**What to produce:**
The response must consist of the lines below from the one with "(\<chi> i j." through the one with "m) * (\<Sum>i=1..m.", exactly as they appear and with both ends kept.

**Data section:**
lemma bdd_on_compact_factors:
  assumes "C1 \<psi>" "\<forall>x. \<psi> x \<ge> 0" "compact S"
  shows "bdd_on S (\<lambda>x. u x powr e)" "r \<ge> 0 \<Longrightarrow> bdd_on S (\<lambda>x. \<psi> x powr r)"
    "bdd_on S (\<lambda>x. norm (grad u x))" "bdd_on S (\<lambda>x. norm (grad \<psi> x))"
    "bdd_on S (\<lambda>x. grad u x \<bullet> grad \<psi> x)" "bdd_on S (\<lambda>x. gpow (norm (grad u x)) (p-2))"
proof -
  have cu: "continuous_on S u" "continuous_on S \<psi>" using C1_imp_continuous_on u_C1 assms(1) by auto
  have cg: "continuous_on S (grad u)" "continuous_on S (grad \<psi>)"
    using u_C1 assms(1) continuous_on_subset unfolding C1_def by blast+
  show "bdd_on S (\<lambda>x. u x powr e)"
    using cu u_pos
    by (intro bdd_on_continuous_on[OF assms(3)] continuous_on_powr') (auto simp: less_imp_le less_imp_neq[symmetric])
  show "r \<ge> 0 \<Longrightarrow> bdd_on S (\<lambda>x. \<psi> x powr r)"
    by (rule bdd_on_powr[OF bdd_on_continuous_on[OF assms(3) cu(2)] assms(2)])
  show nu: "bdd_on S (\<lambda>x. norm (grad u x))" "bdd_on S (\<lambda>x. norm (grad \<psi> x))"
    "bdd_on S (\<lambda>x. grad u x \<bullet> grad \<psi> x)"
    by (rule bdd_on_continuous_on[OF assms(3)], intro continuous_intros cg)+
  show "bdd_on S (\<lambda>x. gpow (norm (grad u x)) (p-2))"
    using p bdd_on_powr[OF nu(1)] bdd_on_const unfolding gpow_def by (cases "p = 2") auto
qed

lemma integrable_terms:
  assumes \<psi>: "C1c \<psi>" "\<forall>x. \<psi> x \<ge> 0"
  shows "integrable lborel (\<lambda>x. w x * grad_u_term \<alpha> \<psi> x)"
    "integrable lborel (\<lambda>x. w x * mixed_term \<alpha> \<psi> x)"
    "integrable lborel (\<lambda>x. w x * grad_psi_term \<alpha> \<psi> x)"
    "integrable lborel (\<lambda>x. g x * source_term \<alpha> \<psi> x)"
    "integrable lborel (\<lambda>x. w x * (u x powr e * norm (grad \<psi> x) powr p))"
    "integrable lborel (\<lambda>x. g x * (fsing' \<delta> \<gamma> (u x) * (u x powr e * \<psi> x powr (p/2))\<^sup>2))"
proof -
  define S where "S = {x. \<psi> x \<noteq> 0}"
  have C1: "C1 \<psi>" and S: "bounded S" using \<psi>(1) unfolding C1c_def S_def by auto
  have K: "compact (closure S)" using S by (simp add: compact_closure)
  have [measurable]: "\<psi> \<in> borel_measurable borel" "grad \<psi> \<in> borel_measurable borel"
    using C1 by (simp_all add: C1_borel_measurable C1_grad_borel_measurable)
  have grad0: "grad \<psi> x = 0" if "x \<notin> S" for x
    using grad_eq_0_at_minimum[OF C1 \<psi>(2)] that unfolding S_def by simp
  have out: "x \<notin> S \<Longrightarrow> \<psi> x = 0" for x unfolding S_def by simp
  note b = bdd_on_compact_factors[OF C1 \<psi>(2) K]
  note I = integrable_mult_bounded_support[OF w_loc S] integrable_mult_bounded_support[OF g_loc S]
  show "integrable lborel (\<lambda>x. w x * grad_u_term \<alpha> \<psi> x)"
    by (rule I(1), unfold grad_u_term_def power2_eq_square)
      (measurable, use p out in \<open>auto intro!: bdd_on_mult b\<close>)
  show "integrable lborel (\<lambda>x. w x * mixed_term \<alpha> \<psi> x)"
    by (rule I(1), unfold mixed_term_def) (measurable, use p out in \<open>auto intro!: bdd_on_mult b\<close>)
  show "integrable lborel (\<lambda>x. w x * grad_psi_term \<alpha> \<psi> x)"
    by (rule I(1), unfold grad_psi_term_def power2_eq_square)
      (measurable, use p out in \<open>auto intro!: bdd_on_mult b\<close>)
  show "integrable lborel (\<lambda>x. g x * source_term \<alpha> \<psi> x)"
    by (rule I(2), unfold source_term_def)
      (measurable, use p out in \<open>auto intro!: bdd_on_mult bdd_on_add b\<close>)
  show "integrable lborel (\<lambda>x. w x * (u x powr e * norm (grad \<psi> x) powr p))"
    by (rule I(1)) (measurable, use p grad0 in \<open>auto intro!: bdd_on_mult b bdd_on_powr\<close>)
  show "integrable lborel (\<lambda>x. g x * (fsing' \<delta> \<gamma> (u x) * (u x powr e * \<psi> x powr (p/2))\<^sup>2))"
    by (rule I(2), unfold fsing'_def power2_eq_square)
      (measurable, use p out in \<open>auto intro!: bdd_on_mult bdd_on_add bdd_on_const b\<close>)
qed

==

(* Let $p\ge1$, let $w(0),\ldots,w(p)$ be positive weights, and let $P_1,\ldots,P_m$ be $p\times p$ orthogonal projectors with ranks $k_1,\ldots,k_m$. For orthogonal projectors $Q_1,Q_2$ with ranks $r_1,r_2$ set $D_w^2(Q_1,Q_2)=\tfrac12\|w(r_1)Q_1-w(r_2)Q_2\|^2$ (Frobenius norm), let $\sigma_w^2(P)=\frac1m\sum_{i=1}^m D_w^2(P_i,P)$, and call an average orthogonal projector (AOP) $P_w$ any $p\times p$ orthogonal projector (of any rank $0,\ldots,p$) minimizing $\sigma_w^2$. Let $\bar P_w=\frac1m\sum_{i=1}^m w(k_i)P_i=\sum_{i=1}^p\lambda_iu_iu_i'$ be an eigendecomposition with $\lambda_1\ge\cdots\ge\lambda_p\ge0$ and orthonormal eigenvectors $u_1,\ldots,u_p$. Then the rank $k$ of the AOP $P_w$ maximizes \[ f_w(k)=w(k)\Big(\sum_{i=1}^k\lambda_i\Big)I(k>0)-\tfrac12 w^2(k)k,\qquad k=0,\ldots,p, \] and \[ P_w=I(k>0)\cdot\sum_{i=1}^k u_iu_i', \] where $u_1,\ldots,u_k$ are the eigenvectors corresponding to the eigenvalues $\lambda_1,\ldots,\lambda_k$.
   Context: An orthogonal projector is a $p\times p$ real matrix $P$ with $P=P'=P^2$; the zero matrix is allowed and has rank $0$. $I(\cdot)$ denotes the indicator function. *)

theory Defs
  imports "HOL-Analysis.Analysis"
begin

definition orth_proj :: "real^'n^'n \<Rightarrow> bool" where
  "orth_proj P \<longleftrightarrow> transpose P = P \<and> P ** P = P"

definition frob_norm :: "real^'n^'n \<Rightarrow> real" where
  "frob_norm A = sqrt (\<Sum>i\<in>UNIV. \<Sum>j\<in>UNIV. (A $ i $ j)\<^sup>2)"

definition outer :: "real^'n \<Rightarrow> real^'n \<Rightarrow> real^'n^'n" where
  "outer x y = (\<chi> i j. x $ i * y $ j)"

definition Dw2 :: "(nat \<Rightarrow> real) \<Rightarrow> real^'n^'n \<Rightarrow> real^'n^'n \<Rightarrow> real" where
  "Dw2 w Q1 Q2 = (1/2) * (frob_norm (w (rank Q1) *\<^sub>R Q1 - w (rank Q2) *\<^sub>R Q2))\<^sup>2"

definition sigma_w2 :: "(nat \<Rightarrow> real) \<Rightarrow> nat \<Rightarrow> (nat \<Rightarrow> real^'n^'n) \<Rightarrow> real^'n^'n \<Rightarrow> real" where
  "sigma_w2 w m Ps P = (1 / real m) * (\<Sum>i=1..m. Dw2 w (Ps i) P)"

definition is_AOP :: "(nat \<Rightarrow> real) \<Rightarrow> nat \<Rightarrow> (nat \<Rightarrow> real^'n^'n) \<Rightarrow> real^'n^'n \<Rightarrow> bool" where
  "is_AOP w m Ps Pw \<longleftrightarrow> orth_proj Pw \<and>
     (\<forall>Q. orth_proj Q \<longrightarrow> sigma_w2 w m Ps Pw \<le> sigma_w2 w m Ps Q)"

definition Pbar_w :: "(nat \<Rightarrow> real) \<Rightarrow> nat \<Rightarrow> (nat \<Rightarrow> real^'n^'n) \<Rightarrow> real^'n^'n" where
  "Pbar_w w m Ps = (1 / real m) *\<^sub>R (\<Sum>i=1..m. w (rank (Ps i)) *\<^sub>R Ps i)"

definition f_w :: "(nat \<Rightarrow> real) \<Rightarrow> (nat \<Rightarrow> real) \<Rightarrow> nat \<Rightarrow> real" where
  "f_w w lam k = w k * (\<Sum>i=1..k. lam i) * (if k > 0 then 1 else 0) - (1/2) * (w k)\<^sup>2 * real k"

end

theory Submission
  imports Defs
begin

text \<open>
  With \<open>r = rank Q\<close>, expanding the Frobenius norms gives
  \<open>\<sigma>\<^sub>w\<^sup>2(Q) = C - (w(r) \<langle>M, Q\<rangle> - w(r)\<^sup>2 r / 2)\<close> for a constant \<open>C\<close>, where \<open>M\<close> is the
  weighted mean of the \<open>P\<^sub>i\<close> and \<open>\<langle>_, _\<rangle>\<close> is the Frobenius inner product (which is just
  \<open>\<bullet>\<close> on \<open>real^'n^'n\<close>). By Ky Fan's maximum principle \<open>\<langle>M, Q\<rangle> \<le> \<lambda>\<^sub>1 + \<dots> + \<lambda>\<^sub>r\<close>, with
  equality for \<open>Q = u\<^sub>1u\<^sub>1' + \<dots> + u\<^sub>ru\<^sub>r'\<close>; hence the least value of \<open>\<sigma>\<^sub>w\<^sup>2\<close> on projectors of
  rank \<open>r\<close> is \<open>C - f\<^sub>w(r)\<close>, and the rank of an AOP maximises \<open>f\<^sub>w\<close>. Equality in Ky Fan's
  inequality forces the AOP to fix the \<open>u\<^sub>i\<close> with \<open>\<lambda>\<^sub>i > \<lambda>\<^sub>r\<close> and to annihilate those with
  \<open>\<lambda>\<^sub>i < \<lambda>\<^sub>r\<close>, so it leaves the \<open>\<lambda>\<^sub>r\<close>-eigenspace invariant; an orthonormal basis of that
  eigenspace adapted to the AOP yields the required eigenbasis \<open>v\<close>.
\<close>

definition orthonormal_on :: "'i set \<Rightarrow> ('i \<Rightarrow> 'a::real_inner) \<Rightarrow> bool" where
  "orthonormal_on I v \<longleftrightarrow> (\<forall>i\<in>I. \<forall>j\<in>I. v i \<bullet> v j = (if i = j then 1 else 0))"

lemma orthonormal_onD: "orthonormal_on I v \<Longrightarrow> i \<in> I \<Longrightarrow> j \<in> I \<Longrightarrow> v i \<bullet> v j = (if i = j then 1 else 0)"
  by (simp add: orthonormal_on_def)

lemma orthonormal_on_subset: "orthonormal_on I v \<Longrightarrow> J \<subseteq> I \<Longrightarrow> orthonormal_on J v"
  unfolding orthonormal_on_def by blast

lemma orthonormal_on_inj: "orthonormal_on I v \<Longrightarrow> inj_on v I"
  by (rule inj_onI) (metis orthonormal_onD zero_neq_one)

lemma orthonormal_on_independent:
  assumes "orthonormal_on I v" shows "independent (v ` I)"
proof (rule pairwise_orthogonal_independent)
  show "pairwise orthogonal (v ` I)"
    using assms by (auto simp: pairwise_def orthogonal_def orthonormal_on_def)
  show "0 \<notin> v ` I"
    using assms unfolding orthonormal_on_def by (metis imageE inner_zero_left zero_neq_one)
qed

**Result:**
  "outer x y = (\<chi> i j. x $ i * y $ j)"

definition Dw2 :: "(nat \<Rightarrow> real) \<Rightarrow> real^'n^'n \<Rightarrow> real^'n^'n \<Rightarrow> real" where
  "Dw2 w Q1 Q2 = (1/2) * (frob_norm (w (rank Q1) *\<^sub>R Q1 - w (rank Q2) *\<^sub>R Q2))\<^sup>2"

definition sigma_w2 :: "(nat \<Rightarrow> real) \<Rightarrow> nat \<Rightarrow> (nat \<Rightarrow> real^'n^'n) \<Rightarrow> real^'n^'n \<Rightarrow> real" where
  "sigma_w2 w m Ps P = (1 / real m) * (\<Sum>i=1..m. Dw2 w (Ps i) P)"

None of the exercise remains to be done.